═══ Dataset entries

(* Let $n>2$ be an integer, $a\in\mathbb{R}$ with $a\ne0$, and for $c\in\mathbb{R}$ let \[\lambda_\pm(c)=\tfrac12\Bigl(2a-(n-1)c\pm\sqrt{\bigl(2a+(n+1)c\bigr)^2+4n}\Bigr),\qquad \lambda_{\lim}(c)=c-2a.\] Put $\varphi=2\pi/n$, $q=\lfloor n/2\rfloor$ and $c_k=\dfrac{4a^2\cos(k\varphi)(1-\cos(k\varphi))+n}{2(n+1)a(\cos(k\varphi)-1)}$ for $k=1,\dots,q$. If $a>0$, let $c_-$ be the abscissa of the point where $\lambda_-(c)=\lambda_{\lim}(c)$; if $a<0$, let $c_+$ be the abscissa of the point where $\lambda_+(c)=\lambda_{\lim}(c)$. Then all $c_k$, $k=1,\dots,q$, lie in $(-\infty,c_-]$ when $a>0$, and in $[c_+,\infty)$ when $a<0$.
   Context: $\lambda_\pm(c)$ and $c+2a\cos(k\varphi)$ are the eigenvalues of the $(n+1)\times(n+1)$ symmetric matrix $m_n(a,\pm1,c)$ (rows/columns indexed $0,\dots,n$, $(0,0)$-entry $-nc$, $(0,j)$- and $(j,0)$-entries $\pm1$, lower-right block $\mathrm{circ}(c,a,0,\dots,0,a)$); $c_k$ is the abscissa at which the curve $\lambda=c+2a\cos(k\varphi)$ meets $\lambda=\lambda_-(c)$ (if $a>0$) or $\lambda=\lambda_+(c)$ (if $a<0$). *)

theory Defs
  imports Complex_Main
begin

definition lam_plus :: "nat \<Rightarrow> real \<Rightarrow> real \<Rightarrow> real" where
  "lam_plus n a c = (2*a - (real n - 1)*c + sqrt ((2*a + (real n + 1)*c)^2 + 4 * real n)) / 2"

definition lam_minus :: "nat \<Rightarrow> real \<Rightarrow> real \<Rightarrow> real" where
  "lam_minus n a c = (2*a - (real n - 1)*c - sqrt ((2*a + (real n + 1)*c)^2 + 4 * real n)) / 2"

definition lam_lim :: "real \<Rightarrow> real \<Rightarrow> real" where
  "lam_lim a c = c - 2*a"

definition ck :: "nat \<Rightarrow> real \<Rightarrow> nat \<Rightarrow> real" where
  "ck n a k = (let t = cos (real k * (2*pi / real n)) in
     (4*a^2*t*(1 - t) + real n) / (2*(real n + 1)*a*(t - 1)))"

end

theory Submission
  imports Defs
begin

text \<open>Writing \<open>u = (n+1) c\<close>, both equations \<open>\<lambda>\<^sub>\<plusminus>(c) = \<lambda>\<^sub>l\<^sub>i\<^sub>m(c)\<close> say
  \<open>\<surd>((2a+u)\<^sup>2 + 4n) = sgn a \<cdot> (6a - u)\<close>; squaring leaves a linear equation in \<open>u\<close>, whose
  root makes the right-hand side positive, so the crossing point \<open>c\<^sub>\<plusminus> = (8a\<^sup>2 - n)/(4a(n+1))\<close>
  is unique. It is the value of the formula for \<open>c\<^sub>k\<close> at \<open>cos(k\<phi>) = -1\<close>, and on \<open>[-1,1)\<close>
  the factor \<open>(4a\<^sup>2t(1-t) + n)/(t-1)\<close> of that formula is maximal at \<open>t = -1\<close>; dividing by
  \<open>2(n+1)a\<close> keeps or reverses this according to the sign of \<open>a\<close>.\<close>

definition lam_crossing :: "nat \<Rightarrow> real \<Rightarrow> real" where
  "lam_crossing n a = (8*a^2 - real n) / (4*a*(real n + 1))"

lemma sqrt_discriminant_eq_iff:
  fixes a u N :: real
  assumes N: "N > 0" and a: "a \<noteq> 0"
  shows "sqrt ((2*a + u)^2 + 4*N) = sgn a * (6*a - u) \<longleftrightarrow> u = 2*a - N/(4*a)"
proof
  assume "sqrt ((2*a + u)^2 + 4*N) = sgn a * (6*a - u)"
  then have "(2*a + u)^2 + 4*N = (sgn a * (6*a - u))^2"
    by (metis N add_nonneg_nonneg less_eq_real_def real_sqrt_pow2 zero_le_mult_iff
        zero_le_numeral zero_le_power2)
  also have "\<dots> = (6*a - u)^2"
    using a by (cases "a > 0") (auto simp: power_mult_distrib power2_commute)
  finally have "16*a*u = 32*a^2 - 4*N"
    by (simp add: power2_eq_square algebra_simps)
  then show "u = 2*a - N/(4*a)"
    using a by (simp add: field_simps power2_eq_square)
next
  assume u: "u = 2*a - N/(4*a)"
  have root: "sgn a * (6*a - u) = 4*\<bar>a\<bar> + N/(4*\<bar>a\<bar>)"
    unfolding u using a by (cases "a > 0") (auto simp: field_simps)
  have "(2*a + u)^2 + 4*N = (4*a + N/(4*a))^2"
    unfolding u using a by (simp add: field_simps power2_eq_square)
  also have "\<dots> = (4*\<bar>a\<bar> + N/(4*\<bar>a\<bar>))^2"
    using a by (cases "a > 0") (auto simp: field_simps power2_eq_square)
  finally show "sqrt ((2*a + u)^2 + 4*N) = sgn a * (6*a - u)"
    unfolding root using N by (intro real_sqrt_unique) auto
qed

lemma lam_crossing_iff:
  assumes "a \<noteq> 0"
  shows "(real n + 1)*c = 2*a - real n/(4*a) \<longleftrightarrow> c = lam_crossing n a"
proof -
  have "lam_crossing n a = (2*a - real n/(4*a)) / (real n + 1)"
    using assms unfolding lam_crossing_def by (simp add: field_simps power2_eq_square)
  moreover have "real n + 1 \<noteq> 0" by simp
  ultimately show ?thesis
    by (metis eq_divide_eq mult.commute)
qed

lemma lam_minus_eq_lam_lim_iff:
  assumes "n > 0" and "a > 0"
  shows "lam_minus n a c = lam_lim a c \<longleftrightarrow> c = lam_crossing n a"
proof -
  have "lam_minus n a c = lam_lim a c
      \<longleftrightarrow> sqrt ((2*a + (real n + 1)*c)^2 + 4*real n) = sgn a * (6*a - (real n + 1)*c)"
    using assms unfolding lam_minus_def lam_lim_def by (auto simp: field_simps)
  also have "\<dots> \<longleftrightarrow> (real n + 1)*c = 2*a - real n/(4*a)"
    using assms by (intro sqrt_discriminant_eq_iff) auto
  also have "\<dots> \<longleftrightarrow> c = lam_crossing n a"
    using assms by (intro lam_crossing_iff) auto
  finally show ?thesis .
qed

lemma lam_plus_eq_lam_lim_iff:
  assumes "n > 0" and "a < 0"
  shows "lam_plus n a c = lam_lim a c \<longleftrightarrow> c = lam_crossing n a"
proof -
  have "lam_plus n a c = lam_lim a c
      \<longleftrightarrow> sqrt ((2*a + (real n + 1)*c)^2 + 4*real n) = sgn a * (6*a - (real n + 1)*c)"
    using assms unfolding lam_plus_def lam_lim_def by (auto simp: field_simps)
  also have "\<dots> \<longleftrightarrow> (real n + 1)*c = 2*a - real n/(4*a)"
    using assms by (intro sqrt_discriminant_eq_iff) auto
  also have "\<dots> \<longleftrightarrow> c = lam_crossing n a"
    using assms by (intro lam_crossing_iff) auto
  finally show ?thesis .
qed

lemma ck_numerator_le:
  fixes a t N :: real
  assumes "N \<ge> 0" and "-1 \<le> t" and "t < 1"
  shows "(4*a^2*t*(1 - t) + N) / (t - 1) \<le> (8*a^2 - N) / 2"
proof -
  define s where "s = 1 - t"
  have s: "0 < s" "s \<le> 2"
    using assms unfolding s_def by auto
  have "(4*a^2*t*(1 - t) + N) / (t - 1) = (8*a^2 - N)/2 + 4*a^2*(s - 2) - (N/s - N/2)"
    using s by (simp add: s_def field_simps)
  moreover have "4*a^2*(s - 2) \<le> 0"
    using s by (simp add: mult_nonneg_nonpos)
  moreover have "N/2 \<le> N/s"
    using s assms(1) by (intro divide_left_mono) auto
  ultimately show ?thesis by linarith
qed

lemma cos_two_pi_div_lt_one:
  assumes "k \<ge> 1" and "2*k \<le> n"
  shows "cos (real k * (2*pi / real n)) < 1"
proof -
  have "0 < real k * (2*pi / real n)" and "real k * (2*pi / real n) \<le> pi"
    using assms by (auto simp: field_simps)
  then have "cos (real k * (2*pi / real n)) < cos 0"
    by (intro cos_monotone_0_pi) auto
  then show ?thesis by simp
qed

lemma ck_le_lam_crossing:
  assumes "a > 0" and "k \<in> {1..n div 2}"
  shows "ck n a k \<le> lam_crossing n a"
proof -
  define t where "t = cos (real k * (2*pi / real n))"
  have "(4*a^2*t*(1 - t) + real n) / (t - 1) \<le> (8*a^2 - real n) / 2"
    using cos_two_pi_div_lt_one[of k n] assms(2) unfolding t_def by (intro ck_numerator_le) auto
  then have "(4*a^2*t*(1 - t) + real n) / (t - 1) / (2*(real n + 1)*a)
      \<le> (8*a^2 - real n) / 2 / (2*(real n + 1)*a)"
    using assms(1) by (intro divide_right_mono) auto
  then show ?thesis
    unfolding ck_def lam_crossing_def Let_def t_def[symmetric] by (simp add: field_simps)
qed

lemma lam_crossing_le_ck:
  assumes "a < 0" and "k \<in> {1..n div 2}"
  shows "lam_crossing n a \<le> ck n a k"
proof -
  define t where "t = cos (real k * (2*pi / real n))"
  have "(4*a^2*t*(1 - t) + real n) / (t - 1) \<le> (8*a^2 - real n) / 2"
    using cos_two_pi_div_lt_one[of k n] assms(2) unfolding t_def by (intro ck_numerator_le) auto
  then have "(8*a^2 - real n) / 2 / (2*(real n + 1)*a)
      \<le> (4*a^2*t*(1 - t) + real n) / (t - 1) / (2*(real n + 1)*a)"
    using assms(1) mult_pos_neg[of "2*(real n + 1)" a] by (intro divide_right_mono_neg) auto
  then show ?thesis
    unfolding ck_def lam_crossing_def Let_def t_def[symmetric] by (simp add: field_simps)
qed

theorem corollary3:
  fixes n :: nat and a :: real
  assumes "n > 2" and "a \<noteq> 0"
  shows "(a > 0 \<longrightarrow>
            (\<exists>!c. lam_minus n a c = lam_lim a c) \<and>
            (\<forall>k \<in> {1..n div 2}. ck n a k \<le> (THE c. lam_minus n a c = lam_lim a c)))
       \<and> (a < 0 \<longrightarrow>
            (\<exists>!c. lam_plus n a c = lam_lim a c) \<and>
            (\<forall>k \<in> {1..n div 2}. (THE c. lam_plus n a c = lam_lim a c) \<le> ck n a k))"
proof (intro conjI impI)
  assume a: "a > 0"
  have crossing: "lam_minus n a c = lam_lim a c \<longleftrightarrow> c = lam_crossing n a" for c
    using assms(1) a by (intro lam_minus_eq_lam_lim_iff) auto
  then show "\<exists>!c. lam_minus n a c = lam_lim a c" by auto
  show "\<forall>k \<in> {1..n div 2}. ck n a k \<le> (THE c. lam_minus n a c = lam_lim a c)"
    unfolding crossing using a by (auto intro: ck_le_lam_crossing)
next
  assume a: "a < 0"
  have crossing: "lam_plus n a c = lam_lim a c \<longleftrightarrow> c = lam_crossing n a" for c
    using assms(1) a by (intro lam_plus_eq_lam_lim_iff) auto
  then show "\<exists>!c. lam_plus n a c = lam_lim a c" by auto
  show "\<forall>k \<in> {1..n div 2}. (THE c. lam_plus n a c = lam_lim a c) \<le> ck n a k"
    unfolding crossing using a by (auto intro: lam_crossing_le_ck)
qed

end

══════

• **Task description**
From the data above, reproduce word for word the lines running from the line with "sign of \<open>a\<close>.\<close>" to the line with "n) / (4*a*(real", ends included.

• **Exercise output**
  \<open>2(n+1)a\<close> keeps or reverses this according to the sign of \<open>a\<close>.\<close>

definition lam_crossing :: "nat \<Rightarrow> real \<Rightarrow> real" where
  "lam_crossing n a = (8*a^2 - real n) / (4*a*(real n + 1))"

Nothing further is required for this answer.